#DailyLines #MOBY #WRITTENInMYOwnHEARTSBlood #Book8 OutMARCH25th #noImnottellingyouwhoitis

He slid off, and led the way down to the creek’s edge, careful of loose stones and boggy earth—the creekbank here was mostly soft mud, edged with mats of duckweed and small reedbeds. A glimpse of red caught his eye and he tensed, but it was a British soldier, face-down in the mud and clearly dead, his legs swaying in the current.

He shucked his moccasions and edged out into the water himself; the creek was fairly wide here, and only a couple of feet deep, with a silty bottom; his feet sank in ankle-deep. He edged out again and led the horse farther up the ravine, looking for better footing, though the gelding was nearly desperate for the water, pushing Ian with his head; he wouldn’t wait long.

The sounds of the skirmish had faded; he could hear men up above and some way off, but nothing in the ravine itself anymore.

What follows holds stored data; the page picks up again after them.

lemma FinBW_ord_topology_omega1:
  assumes I: "is_ideal X I" "countable X" "hereditary_weak_P I" and om: "is_omega1 r"
  shows "FinBW I (ord_topology r)"
  unfolding FinBW_def
proof (intro conjI allI impI)
  note lo = is_omega1D(1)[OF om]
  show "Hausdorff_space (ord_topology r)"
    by (rule Hausdorff_space_ord_topology[OF lo])
  fix x assume "x ` \<Union>I \<subseteq> topspace (ord_topology r)"
  then have "x ` X \<subseteq> Field r"
    using is_ideal_Union[OF I(1)] by simp
  moreover have "X \<notin> I"
    using I(1) by (simp add: is_ideal_def)
  ultimately obtain b where b: "b \<in> Field r" and positive: "{n\<in>X. x n \<in> under r b} \<notin> I"
    and small: "\<And>c. c \<in> underS r b \<Longrightarrow> {n\<in>X. x n \<in> under r c} \<in> I"
    using omega1_least_positive_bound[OF om I(2)] by blast
  have "\<exists>A\<subseteq>X. A \<notin> I \<and> limitin (ord_topology r) x b (inf cofinite (principal A))"
    by (rule hereditary_weak_P_limitin_at_least_bound[OF I lo b is_omega1D(4)[OF om b] positive small])
  then show "\<exists>A. A \<subseteq> \<Union>I \<and> A \<notin> I \<and> (\<exists>L. limitin (ord_topology r) x L (inf cofinite (principal A)))"
    using is_ideal_Union[OF I(1)] by blast
qed

theorem proposition6p1:
  fixes X :: "'a set" and I :: "'a set set" and r :: "'c rel"
  assumes "is_ideal X I" and "countable X" and "infinite X"
    and "hereditary_weak_P I"
    and "is_omega1 r"
  shows "FinBW I (ord_topology r)
         \<and> (\<exists>T :: nat set topology. FinBW I T \<and> \<not> compact_space T)"
proof
  show "FinBW I (ord_topology r)"
    using FinBW_ord_topology_omega1 assms by blast
  have "uncountable (UNIV :: nat set set)"
    using Cantors_theorem[of "UNIV :: nat set"] by (auto simp: uncountable_def)
  then obtain r' :: "nat set rel" where "is_omega1 r'"
    using ex_omega1 by blast
  then show "\<exists>T :: nat set topology. FinBW I T \<and> \<not> compact_space T"
    using FinBW_ord_topology_omega1[OF assms(1,2,4)] omega1_not_compact_space by blast
qed

end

There, that would do. He let the horse’s reins fall, and it lunged for the creek, stood with its forefeet sunk in mud but its hind feet solid on a patch of gravel, blissfully gulping water. He felt the pull of the water nearly as much, and sank to his knees, feeling the blissful chill as it soaked his clothes, that sensation fading instantly to nothingness as he cupped his hands and drank, and cupped and drank again and again, choking now and then in the effort to drink faster than he could swallow.

At last he stopped—reluctantly—and dashed water over his face and chest; it was cooling, though the bear-grease in his paint made the water bead and run off his skin.


“Come on,” he said to the horse. “Ye’ll burst and ye keep on like that, amadan.” It took some struggle, but he got the horse’s nose out of the creek, water and bits of green weed sloshing out of his mouth as the horse snorted and shook its head. It was while hauling the horse’s head round in order to lead him up the bank that he saw the other British soldier.

This one was lying near the bottom of the ravine, too, but not in the mud. He was lying face down, but with his head turned to one side, and…

“Och, Jesus, _no_!” Ian flung his horse’s reins hastily round a tree trunk and bounded up the slope.